§ **WHAT IS NEEDED**
Return each line of the listing that follows in which the string "definition" can be found.

§ **SUPPLIED MATERIAL**
(* For every integer $\nu\ge0$, $$\operatorname{sech}^5(D/2)\,0^{[2\nu]}=\tfrac43\sinh(D)\,0^{[2\nu+3]},$$ and consequently $$\frac43\sum_{k=0}^{\nu+1}t(2\nu+3,2k+1)=\frac{(2\nu)!}{2^{2\nu}}\binom{-5/2}{\nu}.$$
   Context: Central factorials: $x^{[0]}=1$, $x^{[n]}=x\prod_{j=1}^{n-1}(x+\tfrac n2-j)$ for $n\ge1$; $t(n,k)$ is defined by $x^{[n]}=\sum_k t(n,k)x^k$. For a power series $h(D)=\sum_k h_kD^k$ (the Taylor series at $0$ of the indicated function of $D$), $h(D)\,0^{[n]}:=\sum_k h_k\,k!\,t(n,k)$. *)

theory Defs
  imports "HOL-Analysis.Analysis" "HOL-Computational_Algebra.Polynomial"
begin

definition central_fact :: "nat \<Rightarrow> real poly" where
  "central_fact n = (if n = 0 then 1
     else [:0, 1:] * (\<Prod>j\<in>{1..<n}. [: real n / 2 - real j, 1 :]))"

definition cfn :: "nat \<Rightarrow> nat \<Rightarrow> real" where
  "cfn n k = coeff (central_fact n) k"

text \<open>h(D) 0^[n] = sum_k h_k k! t(n,k), where h_k k! is the k-th derivative of h at 0
  (h_k the Taylor coefficients at 0). Since t(n,k) = 0 for k > n the sum is over k \<le> n.\<close>
definition op_zero :: "(real \<Rightarrow> real) \<Rightarrow> nat \<Rightarrow> real" where
  "op_zero h n = (\<Sum>k\<le>n. (deriv ^^ k) h 0 * cfn n k)"

end

theory Submission
  imports Defs
begin

(* The operator  h(D) 0^[n] = \<Sum>k h^(k)(0) t(n,k)  is evaluated by a two-step recursion in n.
   Since x^[n+2] = (x^2 - n^2/4) x^[n], one gets for every h
       h(D) 0^[n+2] = h''(D) 0^[n] - n^2/4 h(D) 0^[n].
   Writing sech_b(x) = 1/cosh(x/2)^b, a direct computation gives
       sech_b'' = b^2/4 sech_b - b(b+1)/4 sech_(b+2),
   and since h \<mapsto> h(D) 0^[n] is linear on infinitely differentiable functions the
   recursion closes up on the family sech_b; an induction over n with an identity for
   generalized binomial coefficients yields
       sech_b(D) 0^[2n] = (2n)!/2^(2n) * binom(-b/2, n).
   For sinh one has sinh'' = sinh, so sinh(D) 0^[n+2] = (1 - n^2/4) sinh(D) 0^[n], which
   gives  4/3 sinh(D) 0^[2n+3] = (2n)!/2^(2n) * binom(-5/2, n).  Comparing both closed forms
   for b = 5 proves the first claim; the second one follows because sinh^(k)(0) is 1 for odd k
   and 0 for even k, so sinh(D) 0^[2m+1] is the sum of the odd-index central factorial numbers.
   Linearity of the higher derivatives is justified through the span of the functions
   sinh(x/2)^e / cosh(x/2)^b, which is closed under differentiation. *)


lemma central_fact_Suc_Suc:
  "central_fact (Suc (Suc n)) = [: - (real n)\<^sup>2 / 4, 0, 1 :] * central_fact n"
proof (cases n)
  case 0
  then show ?thesis by (simp add: central_fact_def)
next
  case (Suc m)
  let ?f = "\<lambda>N j. [: real N / 2 - real j, 1 :]"
  have "(\<Prod>j\<in>{1..<Suc (Suc n)}. ?f (Suc (Suc n)) j)
      = (\<Prod>j\<in>{1..<Suc n}. ?f (Suc (Suc n)) j) * [: - real n / 2, 1 :]"
  proof -
    have "real (Suc (Suc n)) / 2 - real (Suc n) = - real n / 2" by (simp add: field_simps)
    then show ?thesis by (subst prod.atLeastLessThan_Suc) simp_all
  qed
  also have "(\<Prod>j\<in>{1..<Suc n}. ?f (Suc (Suc n)) j)
      = [: real n / 2, 1 :] * (\<Prod>j\<in>{Suc 1..<Suc n}. ?f (Suc (Suc n)) j)"
    using Suc by (subst prod.atLeast_Suc_lessThan) (auto simp: field_simps)
  also have "(\<Prod>j\<in>{Suc 1..<Suc n}. ?f (Suc (Suc n)) j) = (\<Prod>j\<in>{1..<n}. ?f n j)"
    by (subst prod.shift_bounds_Suc_ivl) (simp add: field_simps)
  finally have prod: "(\<Prod>j\<in>{1..<Suc (Suc n)}. ?f (Suc (Suc n)) j)
      = ([: real n / 2, 1 :] * [: - real n / 2, 1 :]) * (\<Prod>j\<in>{1..<n}. ?f n j)"
    by (simp only: ac_simps)
  have square: "[: real n / 2, 1 :] * [: - real n / 2, 1 :] = [: - (real n)\<^sup>2 / 4, 0, 1 :]"
    by (simp add: power2_eq_square)
  have "central_fact (Suc (Suc n)) = [:0, 1:] * (\<Prod>j\<in>{1..<Suc (Suc n)}. ?f (Suc (Suc n)) j)"
    unfolding central_fact_def by (rule if_not_P) simp
  moreover have "central_fact n = [:0, 1:] * (\<Prod>j\<in>{1..<n}. ?f n j)"
    unfolding central_fact_def using Suc by (intro if_not_P) simp
  ultimately show ?thesis unfolding prod square by (simp only: ac_simps)
qed
lemma quad_form_zero [simp]: "quad_form P 0 = 0"
  by (simp add: quad_form_expand)

lemma quad_form_congruence: "quad_form (mH B ** P ** B) x = quad_form P (B *v x)"
  by (simp add: quad_form_def matrix_vector_mul_assoc[symmetric] herm_inner_adjoint)

lemma quad_form_gram: "quad_form (mH H ** H) x = of_real (norm (H *v x) ^ 2)"
  using herm_inner_adjoint[of x "mH H" "H *v x"]
  by (simp add: quad_form_def matrix_vector_mul_assoc[symmetric] herm_inner_self)

lemma quad_form_diff: "quad_form (P - Q) x = quad_form P x - quad_form Q x"
  by (simp add: quad_form_def herm_inner_def matrix_vector_mult_diff_rdistrib
      sum_subtractf[symmetric] algebra_simps)

lemma quad_form_scaleR: "quad_form P (a *\<^sub>R x) = of_real (a ^ 2) * quad_form P x"
  unfolding quad_form_expand vector_scaleR_component unfolding scaleR_conv_of_real
  by (simp add: sum_distrib_left power2_eq_square mult_ac)

lemma continuous_on_quad_form: "continuous_on UNIV (\<lambda>x. Re (quad_form P x))"
  unfolding quad_form_expand by (intro continuous_intros)

lemma posdef_quad_form_nonneg: "posdef P \<Longrightarrow> 0 \<le> Re (quad_form P x)"
  by (cases "x = 0") (auto simp: posdef_iff_quad_form less_imp_le)

lemma posdef_quad_form_lower_bound:
  fixes P :: "complex^'n^'n"
  assumes "posdef P"
  shows "\<exists>c>0. \<forall>x. c * norm x ^ 2 \<le> Re (quad_form P x)"
proof -
  have pos: "x \<noteq> 0 \<Longrightarrow> 0 < Re (quad_form P x)" for x
    using assms by (simp add: posdef_iff_quad_form)
  obtain e :: "complex^'n" where "norm e = 1"
    using vector_choose_size[of 1] by auto
  then have "sphere (0 :: complex^'n) 1 \<noteq> {}" by auto
  then obtain x0 where x0: "x0 \<in> sphere 0 1"
    and min: "\<forall>z\<in>sphere 0 1. Re (quad_form P x0) \<le> Re (quad_form P z)"
    using continuous_attains_inf[OF compact_sphere _ continuous_on_subset[OF continuous_on_quad_form]]
    by blast
  have "Re (quad_form P x0) * norm x ^ 2 \<le> Re (quad_form P x)" for x
  proof (cases "x = 0")
    case False
    define z where "z = (1 / norm x) *\<^sub>R x"
    have "z \<in> sphere 0 1" and x: "x = norm x *\<^sub>R z"
      using False by (simp_all add: z_def)
    then have "Re (quad_form P x0) * norm x ^ 2 \<le> Re (quad_form P z) * norm x ^ 2"
      using min by (intro mult_right_mono) auto
    also have "\<dots> = Re (quad_form P x)"
      by (subst (2) x) (simp add: quad_form_scaleR)
    finally show ?thesis .
  qed simp
  moreover have "0 < Re (quad_form P x0)"
    using x0 by (intro pos) auto
  ultimately show ?thesis by blast
qed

§ **REPLY**
definition central_fact :: "nat \<Rightarrow> real poly" where
definition cfn :: "nat \<Rightarrow> nat \<Rightarrow> real" where
definition op_zero :: "(real \<Rightarrow> real) \<Rightarrow> nat \<Rightarrow> real" where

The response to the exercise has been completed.